Target corporation swot analysis
Increasing trend toward isolationism in the American economy can lead to similar reaction from other government thus negatively impacting the international sales.
Fortune 500 company swot analysis
Increasing raw material prices may drive up the costs to manufacture Target-brand products, which must stay cheaper than the national name brands in order to stay competitive. Target suffered heavy losses from a poorly planned and badly executed expansion into Canada, its first attempt to operate outside the United States. Grocers, particularly Kroger Inc. Highly successful at Go To Market strategies for its products. Stable free cash flow provides opportunities to invest in adjacent product segments. High level of customer satisfaction — the company with its dedicated customer relationship management department has able to achieve a high level of customer satisfaction among present customers and good brand equity among the potential customers. Of course, quality plays an immense role in strengthening a brand and sustaining customer loyalty on a product.
Trade policies under current administration 2. The new taxation policy can significantly impact the way of doing business and can open new opportunity for established players such as Target Corporation to increase its profitability. Involvement and views regarding socio-political issues 2.
Highly successful at Go To Market strategies for its products. Organization structure is only compatible with present business model thus limiting expansion in adjacent product segments.
With more cash in bank the company can invest in new technologies as well as in new products segments. As mentioned earlier even though Target Corporation is successful at integrating small companies it has its share of failure to merge firms that have different work culture.

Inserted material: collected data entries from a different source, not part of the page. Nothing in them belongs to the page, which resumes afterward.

(* On $\mathcal{P}(\mathbb{R}^{2m},\mathbb{C})\cap\ker(\Delta_x,\Delta_u)$, $$AC=\frac{H_x+H_xH_u+H_u}{(H_x+1)(H_u+1)}\,CA-(H_x+H_u)+\frac{S_xS_u}{H_x+1}+\frac{S_uS_x}{H_u+1}.$$
   Context: Fix an integer $m>4$. For $x,u\in\mathbb{R}^m$ let $\mathcal{P}(\mathbb{R}^{2m},\mathbb{C})$ be complex polynomials in $(x,u)$, $\mathcal{P}_{p,q}$ those of bidegree $(p,q)$. Write $|x|^2=\sum x_j^2$, $\langle u,x\rangle=\sum u_jx_j$, $\Delta_x=\sum\partial_{x_j}^2$, $\Delta_u=\sum\partial_{u_j}^2$, $\langle\partial_u,\partial_x\rangle=\sum\partial_{u_j}\partial_{x_j}$, $\langle x,\partial_u\rangle=\sum x_j\partial_{u_j}$, $\langle u,\partial_x\rangle=\sum u_j\partial_{x_j}$, $\mathbb{E}_x=\sum x_j\partial_{x_j}$, $\mathbb{E}_u=\sum u_j\partial_{u_j}$, $H_x=-(\mathbb{E}_x+\frac m2)$, $H_u=-(\mathbb{E}_u+\frac m2)$, $\ker(D_1,\dots,D_r)=\bigcap\ker D_i$. Every $P\in\mathcal{P}_{p,q}$ is uniquely $\sum_{a,b\ge0}|x|^{2a}|u|^{2b}H'_{p-2a,q-2b}$ with $H'_{p-2a,q-2b}\in\mathcal{P}_{p-2a,q-2b}\cap\ker(\Delta_x,\Delta_u)$; $\pi_{\mathfrak{s}}P:=H'_{p,q}$. On $\ker(\Delta_x,\Delta_u)$: $S_x=\pi_{\mathfrak{s}}\langle x,\partial_u\rangle$, $S_u=\pi_{\mathfrak{s}}\langle u,\partial_x\rangle$, $A=\pi_{\mathfrak{s}}\langle\partial_u,\partial_x\rangle$, $C=\pi_{\mathfrak{s}}\langle u,x\rangle$. Convention: a quotient $T/G$ with $G$ polynomial in $H_x,H_u$ means $G^{-1}T$; rational functions of $H_x,H_u$ (written to the left or as denominators) are evaluated at the eigenvalues of $H_x,H_u$ on the bihomogeneous output of the operator product. *)

theory Defs
  imports Complex_Main
begin

text \<open>Complex polynomials in x_1..x_m, u_1..u_m are represented by their coefficient
  functions: P alpha beta is the coefficient of the monomial x^alpha u^beta.\<close>

type_synonym cpoly = "(nat \<Rightarrow> nat) \<Rightarrow> (nat \<Rightarrow> nat) \<Rightarrow> complex"

definition is_poly :: "nat \<Rightarrow> cpoly \<Rightarrow> bool" where
  "is_poly m P \<longleftrightarrow> finite {(\<alpha>, \<beta>). P \<alpha> \<beta> \<noteq> 0} \<and>
     (\<forall>\<alpha> \<beta>. P \<alpha> \<beta> \<noteq> 0 \<longrightarrow> (\<forall>i\<ge>m. \<alpha> i = 0 \<and> \<beta> i = 0))"

definition zero_poly :: cpoly where "zero_poly = (\<lambda>\<alpha> \<beta>. 0)"

definition mulx :: "nat \<Rightarrow> cpoly \<Rightarrow> cpoly" where
  "mulx j P = (\<lambda>\<alpha> \<beta>. if \<alpha> j = 0 then 0 else P (\<alpha>(j := \<alpha> j - 1)) \<beta>)"
definition mulu :: "nat \<Rightarrow> cpoly \<Rightarrow> cpoly" where
  "mulu j P = (\<lambda>\<alpha> \<beta>. if \<beta> j = 0 then 0 else P \<alpha> (\<beta>(j := \<beta> j - 1)))"

definition dx :: "nat \<Rightarrow> cpoly \<Rightarrow> cpoly" where
  "dx j P = (\<lambda>\<alpha> \<beta>. of_nat (\<alpha> j + 1) * P (\<alpha>(j := \<alpha> j + 1)) \<beta>)"
definition du :: "nat \<Rightarrow> cpoly \<Rightarrow> cpoly" where
  "du j P = (\<lambda>\<alpha> \<beta>. of_nat (\<beta> j + 1) * P \<alpha> (\<beta>(j := \<beta> j + 1)))"

definition lap_x :: "nat \<Rightarrow> cpoly \<Rightarrow> cpoly" where
  "lap_x m P = (\<lambda>\<alpha> \<beta>. \<Sum>j<m. dx j (dx j P) \<alpha> \<beta>)"
definition lap_u :: "nat \<Rightarrow> cpoly \<Rightarrow> cpoly" where
  "lap_u m P = (\<lambda>\<alpha> \<beta>. \<Sum>j<m. du j (du j P) \<alpha> \<beta>)"

definition harm :: "nat \<Rightarrow> cpoly \<Rightarrow> bool" where
  "harm m P \<longleftrightarrow> lap_x m P = zero_poly \<and> lap_u m P = zero_poly"

definition norm2x :: "nat \<Rightarrow> cpoly \<Rightarrow> cpoly" where
  "norm2x m P = (\<lambda>\<alpha> \<beta>. \<Sum>j<m. mulx j (mulx j P) \<alpha> \<beta>)"
definition norm2u :: "nat \<Rightarrow> cpoly \<Rightarrow> cpoly" where
  "norm2u m P = (\<lambda>\<alpha> \<beta>. \<Sum>j<m. mulu j (mulu j P) \<alpha> \<beta>)"

text \<open>pi_s: the component H'_{0,0} of the (unique) decomposition
  P = sum_{a,b} |x|^{2a} |u|^{2b} H'_{a,b} with H'_{a,b} in ker(Delta_x,Delta_u).
  (Applied bihomogeneous-componentwise this is exactly the paper's pi_s.)\<close>
definition pis :: "nat \<Rightarrow> cpoly \<Rightarrow> cpoly" where
  "pis m P = (THE H. \<exists>N (Hf :: nat \<Rightarrow> nat \<Rightarrow> cpoly).
      (\<forall>a b. is_poly m (Hf a b) \<and> harm m (Hf a b)) \<and>
      (\<forall>a b. N \<le> a \<or> N \<le> b \<longrightarrow> Hf a b = zero_poly) \<and>
      P = (\<lambda>\<alpha> \<beta>. \<Sum>a<N. \<Sum>b<N. ((norm2x m ^^ a) ((norm2u m ^^ b) (Hf a b))) \<alpha> \<beta>) \<and>
      H = Hf 0 0)"

definition Sx :: "nat \<Rightarrow> cpoly \<Rightarrow> cpoly" where
  "Sx m P = pis m (\<lambda>\<alpha> \<beta>. \<Sum>j<m. mulx j (du j P) \<alpha> \<beta>)"
definition Su :: "nat \<Rightarrow> cpoly \<Rightarrow> cpoly" where
  "Su m P = pis m (\<lambda>\<alpha> \<beta>. \<Sum>j<m. mulu j (dx j P) \<alpha> \<beta>)"
definition Aop :: "nat \<Rightarrow> cpoly \<Rightarrow> cpoly" where
  "Aop m P = pis m (\<lambda>\<alpha> \<beta>. \<Sum>j<m. du j (dx j P) \<alpha> \<beta>)"
definition Cop :: "nat \<Rightarrow> cpoly \<Rightarrow> cpoly" where
  "Cop m P = pis m (\<lambda>\<alpha> \<beta>. \<Sum>j<m. mulu j (mulx j P) \<alpha> \<beta>)"

text \<open>f(H_x,H_u) acting on a polynomial: on the monomial x^alpha u^beta,
  H_x = -(|alpha| + m/2) and H_u = -(|beta| + m/2).\<close>
definition diagop :: "nat \<Rightarrow> (complex \<Rightarrow> complex \<Rightarrow> complex) \<Rightarrow> cpoly \<Rightarrow> cpoly" where
  "diagop m f P = (\<lambda>\<alpha> \<beta>. f (- (of_nat (\<Sum>i<m. \<alpha> i) + of_nat m / 2))
                            (- (of_nat (\<Sum>i<m. \<beta> i) + of_nat m / 2)) * P \<alpha> \<beta>)"

end

theory Submission
  imports Defs "HOL-Library.Function_Algebras"
begin

text \<open>
  On a harmonic polynomial \<open>G\<close> of bidegree \<open>(p, q)\<close> the projected operators can be written down
  explicitly: \<open>\<langle>u,x\<rangle>G\<close>, \<open>\<langle>x,\<partial>\<^sub>u\<rangle>G\<close> and \<open>\<langle>u,\<partial>\<^sub>x\<rangle>G\<close> differ from a harmonic polynomial by
  \<open>|x|\<^sup>2h\<^sub>1 + |u|\<^sup>2h\<^sub>2 + |x|\<^sup>2|u|\<^sup>2h\<^sub>3\<close> with harmonic \<open>h\<^sub>i\<close>, and the corrections are read off from the
  commutation relations of the Weyl algebra, which produce the denominators
  \<open>2p + m - 2 = -2(H\<^sub>x + 1)\<close>. Such a remainder is orthogonal to all harmonic polynomials for the
  Fischer inner product, in which multiplication by \<open>|x|\<^sup>2\<close> is adjoint to \<open>\<Delta>\<^sub>x\<close>; hence the harmonic
  term is the \<open>\<pi>\<^sub>s\<close>-projection. With these formulas both sides of the identity become the same
  combination of operator words applied to \<open>G\<close>. A general harmonic polynomial is the sum of its
  bihomogeneous components, which are again harmonic, and all operators involved are additive on
  harmonic polynomials. The hypothesis \<open>m > 4\<close> keeps the denominators nonzero also in degree
  \<open>p - 1 = -1\<close>.
\<close>

definition scale :: "complex \<Rightarrow> cpoly \<Rightarrow> cpoly" where
  "scale k F = (\<lambda>\<alpha> \<beta>. k * F \<alpha> \<beta>)"

definition linear_op :: "(cpoly \<Rightarrow> cpoly) \<Rightarrow> bool" where
  "linear_op T \<longleftrightarrow> (\<forall>F G. T (F + G) = T F + T G) \<and> (\<forall>k F. T (scale k F) = scale k (T F))"

lemma sum_poly_apply: "(\<Sum>k\<in>K. f k) \<alpha> \<beta> = (\<Sum>k\<in>K. (f k :: cpoly) \<alpha> \<beta>)"
  by (induction K rule: infinite_finite_induct) auto

lemma sum_poly_eta: "(\<lambda>\<alpha> \<beta>. \<Sum>k\<in>K. f k \<alpha> \<beta>) = (\<Sum>k\<in>K. (f k :: cpoly))"
  by (simp add: fun_eq_iff sum_poly_apply)

lemma scale_scale [simp]: "scale a (scale b F) = scale (b * a) F"
  and scale_zero [simp]: "scale k 0 = 0"
  and scale_0 [simp]: "scale 0 F = 0"
  by (simp_all add: scale_def fun_eq_iff)

lemma scale_sum: "scale k (\<Sum>j\<in>J. f j) = (\<Sum>j\<in>J. scale k (f j))"
  by (simp add: scale_def fun_eq_iff sum_poly_apply sum_distrib_left)

lemma of_nat_mult_poly: "of_nat n * F = scale (of_nat n) F"
  by (simp add: scale_def fun_eq_iff)

lemma diff_eq_add_scale: "F - G = F + scale (-1) G"
  by (simp add: scale_def fun_eq_iff)

lemma linear_op_add: "linear_op T \<Longrightarrow> T (F + G) = T F + T G"
  and linear_op_scale: "linear_op T \<Longrightarrow> T (scale k F) = scale k (T F)"
  by (simp_all add: linear_op_def)

lemma linear_op_zero: "linear_op T \<Longrightarrow> T 0 = 0"
  using linear_op_scale[of T 0 0] by simp

lemma linear_op_diff: "linear_op T \<Longrightarrow> T (F - G) = T F - T G"
  by (simp only: diff_eq_add_scale linear_op_add linear_op_scale)

lemma linear_op_sum: "linear_op T \<Longrightarrow> T (\<Sum>j\<in>J. f j) = (\<Sum>j\<in>J. T (f j))"
  by (induction J rule: infinite_finite_induct) (simp_all add: linear_op_zero linear_op_add fun_eq_iff)

lemma linear_op_mulx: "linear_op (mulx j)"
  and linear_op_mulu: "linear_op (mulu j)"
  and linear_op_dx: "linear_op (dx j)"
  and linear_op_du: "linear_op (du j)"
  by (simp_all add: linear_op_def fun_eq_iff mulx_def mulu_def dx_def du_def scale_def algebra_simps)

lemmas elem_linear =
  linear_op_add[OF linear_op_mulx] linear_op_add[OF linear_op_mulu]
  linear_op_add[OF linear_op_dx] linear_op_add[OF linear_op_du]
  linear_op_scale[OF linear_op_mulx] linear_op_scale[OF linear_op_mulu]
  linear_op_scale[OF linear_op_dx] linear_op_scale[OF linear_op_du]

lemma linear_op_diagop: "linear_op (diagop m f)"
  by (simp add: linear_op_def diagop_def scale_def fun_eq_iff algebra_simps)

text \<open>Coefficientwise, every pair of the elementary operators commutes, except that
  \<open>[\<partial>\<^sub>j, x\<^sub>j] = 1\<close>; summing over the index gives the following identity.\<close>

lemma sum_ops_commute:
  fixes m :: nat
  assumes "\<And>k. linear_op (A k)" "\<And>j. linear_op (B j)"
    and "\<And>j k F. A k (B j F) = B j (A k F) + (if j = k then C j F else 0)"
  shows "(\<Sum>k<m. A k (\<Sum>j<m. B j F)) = (\<Sum>j<m. B j (\<Sum>k<m. A k F)) + (\<Sum>j<m. C j F)"
proof -
  have delta: "(\<Sum>k<m. \<Sum>j<m. if j = k then C j F else 0) = (\<Sum>k<m. C k F)"
    by (rule sum.cong[OF refl], subst sum.delta) auto
  have "(\<Sum>k<m. A k (\<Sum>j<m. B j F)) = (\<Sum>k<m. \<Sum>j<m. B j (A k F) + (if j = k then C j F else 0))"
    by (simp add: linear_op_sum assms)
  also have "\<dots> = (\<Sum>j<m. \<Sum>k<m. B j (A k F)) + (\<Sum>j<m. C j F)"
    by (simp only: sum.distrib delta sum.swap[of "\<lambda>k j. B j (A k F)"])
  also have "\<dots> = (\<Sum>j<m. B j (\<Sum>k<m. A k F)) + (\<Sum>j<m. C j F)"
    by (simp add: linear_op_sum assms)
  finally show ?thesis .
qed

definition mul_ux :: "nat \<Rightarrow> cpoly \<Rightarrow> cpoly" where
  "mul_ux m F = (\<Sum>j<m. mulu j (mulx j F))"
definition dd_ux :: "nat \<Rightarrow> cpoly \<Rightarrow> cpoly" where
  "dd_ux m F = (\<Sum>j<m. du j (dx j F))"
definition x_du :: "nat \<Rightarrow> cpoly \<Rightarrow> cpoly" where
  "x_du m F = (\<Sum>j<m. mulx j (du j F))"
definition u_dx :: "nat \<Rightarrow> cpoly \<Rightarrow> cpoly" where
  "u_dx m F = (\<Sum>j<m. mulu j (dx j F))"
definition euler_x :: "nat \<Rightarrow> cpoly \<Rightarrow> cpoly" where
  "euler_x m F = (\<Sum>j<m. mulx j (dx j F))"
definition euler_u :: "nat \<Rightarrow> cpoly \<Rightarrow> cpoly" where
  "euler_u m F = (\<Sum>j<m. mulu j (du j F))"

lemma lap_x_sum: "lap_x m F = (\<Sum>j<m. dx j (dx j F))"
  and lap_u_sum: "lap_u m F = (\<Sum>j<m. du j (du j F))"
  and norm2x_sum: "norm2x m F = (\<Sum>j<m. mulx j (mulx j F))"
  and norm2u_sum: "norm2u m F = (\<Sum>j<m. mulu j (mulu j F))"
  by (simp_all add: fun_eq_iff sum_poly_apply lap_x_def lap_u_def norm2x_def norm2u_def)

lemma Aop_eq: "Aop m P = pis m (dd_ux m P)"
  and Cop_eq: "Cop m P = pis m (mul_ux m P)"
  and Sx_eq: "Sx m P = pis m (x_du m P)"
  and Su_eq: "Su m P = pis m (u_dx m P)"
  by (simp_all add: Aop_def dd_ux_def Cop_def mul_ux_def Sx_def x_du_def Su_def u_dx_def sum_poly_eta)

lemmas sum_op_defs = mul_ux_def dd_ux_def x_du_def u_dx_def euler_x_def euler_u_def
  lap_x_sum lap_u_sum norm2x_sum norm2u_sum

lemma linear_ops:
  "linear_op (mul_ux m)" "linear_op (dd_ux m)" "linear_op (x_du m)" "linear_op (u_dx m)"
  "linear_op (euler_x m)" "linear_op (euler_u m)" "linear_op (lap_x m)" "linear_op (lap_u m)"
  "linear_op (norm2x m)" "linear_op (norm2u m)"
  by (simp_all add: linear_op_def sum_op_defs elem_linear sum.distrib scale_sum)

lemma Suc_diff_simps:
  "\<not> n \<le> Suc 0 \<Longrightarrow> Suc (Suc (n - Suc (Suc 0))) = n"
  "\<not> n \<le> Suc 0 \<Longrightarrow> Suc (n - Suc (Suc 0)) = n - Suc 0"
  "0 < n \<Longrightarrow> n \<le> Suc 0 \<longleftrightarrow> n = Suc 0"
  by auto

Competition - Target has many retail store competitors, the number one being Walmart. New customers from online channel — Over the past few years the company has invested vast sum of money into the online platform.
Target corporation swot analysis
Target Weaknesses Its business model is based on supercenters and other big box stores. Online retailers with third-party sellers, such as Amazon and Walmart, offer massive product selections that are often paired with very low prices as well as the convenience of online shopping and home delivery. Intense competition — Stable profitability has increased the number of players in the industry over last two years which has put downward pressure on not only profitability but also on overall sales. Good relationship with customers that has built a high level of brand loyalty. Trade policies under current administration 2. In addition, the numerous lawsuits that Target Corporation has been facing in the recent times have had an immensely negative impact on its image. NYSE: KR , which has become a direct competitor to Target by opening Marketplaces, its version of a supercenter, that stock many of the same products as Target. Target's brand value has empowered the company to build up the reputation of offering clients quality products at marked down costs. This is especially considering that the lawsuits involve touchy and controversial topics such as racial discrimination, not to mention the suits by the blind community, as well as the boycotts by the gay and lesbian community National Federation of Blind, Its efforts in ecommerce still lag behind aggressive competitors like Amazon.